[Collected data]

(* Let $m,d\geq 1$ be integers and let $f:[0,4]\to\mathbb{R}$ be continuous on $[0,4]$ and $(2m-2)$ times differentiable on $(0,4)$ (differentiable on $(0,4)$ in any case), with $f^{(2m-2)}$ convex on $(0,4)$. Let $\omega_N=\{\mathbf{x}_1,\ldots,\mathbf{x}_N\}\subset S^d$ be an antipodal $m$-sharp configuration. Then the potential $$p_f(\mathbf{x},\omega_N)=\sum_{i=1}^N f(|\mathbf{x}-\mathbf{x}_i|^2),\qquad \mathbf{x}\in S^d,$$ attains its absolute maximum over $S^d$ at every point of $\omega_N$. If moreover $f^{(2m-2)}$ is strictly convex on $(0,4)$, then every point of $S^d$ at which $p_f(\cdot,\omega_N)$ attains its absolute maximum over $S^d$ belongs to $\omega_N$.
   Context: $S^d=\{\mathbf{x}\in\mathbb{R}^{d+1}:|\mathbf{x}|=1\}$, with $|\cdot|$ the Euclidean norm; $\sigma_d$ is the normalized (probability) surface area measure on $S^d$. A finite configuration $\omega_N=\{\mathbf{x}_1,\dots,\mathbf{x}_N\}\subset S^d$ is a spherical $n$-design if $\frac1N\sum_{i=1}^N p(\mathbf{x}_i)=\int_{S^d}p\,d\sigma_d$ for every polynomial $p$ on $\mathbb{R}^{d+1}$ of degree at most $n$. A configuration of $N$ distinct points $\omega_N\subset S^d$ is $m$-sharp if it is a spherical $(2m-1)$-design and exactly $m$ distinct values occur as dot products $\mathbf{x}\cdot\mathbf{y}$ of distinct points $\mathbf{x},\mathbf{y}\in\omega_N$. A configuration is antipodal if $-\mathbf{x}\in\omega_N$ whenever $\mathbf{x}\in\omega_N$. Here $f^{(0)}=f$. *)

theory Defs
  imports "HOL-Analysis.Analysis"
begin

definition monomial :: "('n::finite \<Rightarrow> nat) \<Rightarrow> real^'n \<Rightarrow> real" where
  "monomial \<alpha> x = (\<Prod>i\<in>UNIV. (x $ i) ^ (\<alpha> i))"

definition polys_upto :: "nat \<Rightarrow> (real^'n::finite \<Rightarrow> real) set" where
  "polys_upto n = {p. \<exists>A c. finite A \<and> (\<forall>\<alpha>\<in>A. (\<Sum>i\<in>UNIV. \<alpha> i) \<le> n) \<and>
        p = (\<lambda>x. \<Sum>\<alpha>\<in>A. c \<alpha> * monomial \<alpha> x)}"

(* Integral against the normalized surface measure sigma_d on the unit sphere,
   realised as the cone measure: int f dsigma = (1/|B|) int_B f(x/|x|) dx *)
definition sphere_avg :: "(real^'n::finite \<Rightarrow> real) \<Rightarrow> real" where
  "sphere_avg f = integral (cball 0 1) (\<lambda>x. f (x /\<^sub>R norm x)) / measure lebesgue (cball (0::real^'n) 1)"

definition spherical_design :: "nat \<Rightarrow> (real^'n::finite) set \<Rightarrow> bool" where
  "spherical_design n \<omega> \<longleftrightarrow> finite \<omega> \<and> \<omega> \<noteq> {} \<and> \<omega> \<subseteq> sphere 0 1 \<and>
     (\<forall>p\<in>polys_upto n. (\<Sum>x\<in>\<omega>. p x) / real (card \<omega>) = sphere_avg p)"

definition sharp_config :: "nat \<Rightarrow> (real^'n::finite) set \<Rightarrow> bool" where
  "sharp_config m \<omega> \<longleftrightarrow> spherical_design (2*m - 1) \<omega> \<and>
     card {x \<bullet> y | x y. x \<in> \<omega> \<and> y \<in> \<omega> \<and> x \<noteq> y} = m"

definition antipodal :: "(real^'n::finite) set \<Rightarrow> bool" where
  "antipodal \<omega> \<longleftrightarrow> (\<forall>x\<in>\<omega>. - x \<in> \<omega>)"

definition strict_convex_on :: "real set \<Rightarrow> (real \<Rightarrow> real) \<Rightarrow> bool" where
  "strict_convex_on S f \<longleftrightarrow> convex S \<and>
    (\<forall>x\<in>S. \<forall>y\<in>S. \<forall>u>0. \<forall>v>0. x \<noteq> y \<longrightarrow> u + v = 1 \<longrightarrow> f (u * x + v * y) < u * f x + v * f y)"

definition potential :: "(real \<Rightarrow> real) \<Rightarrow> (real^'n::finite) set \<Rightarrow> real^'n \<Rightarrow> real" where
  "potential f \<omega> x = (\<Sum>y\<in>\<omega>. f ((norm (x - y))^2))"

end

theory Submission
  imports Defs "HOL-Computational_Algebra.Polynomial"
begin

- _AIM OF THE TASK_
Write out exactly the final stretch of the records: the line containing "theory Submission" and every line after it, through the last, and nothing else.

- _WRITTEN RESPONSE_
theory Submission
  imports Defs "HOL-Computational_Algebra.Polynomial"
begin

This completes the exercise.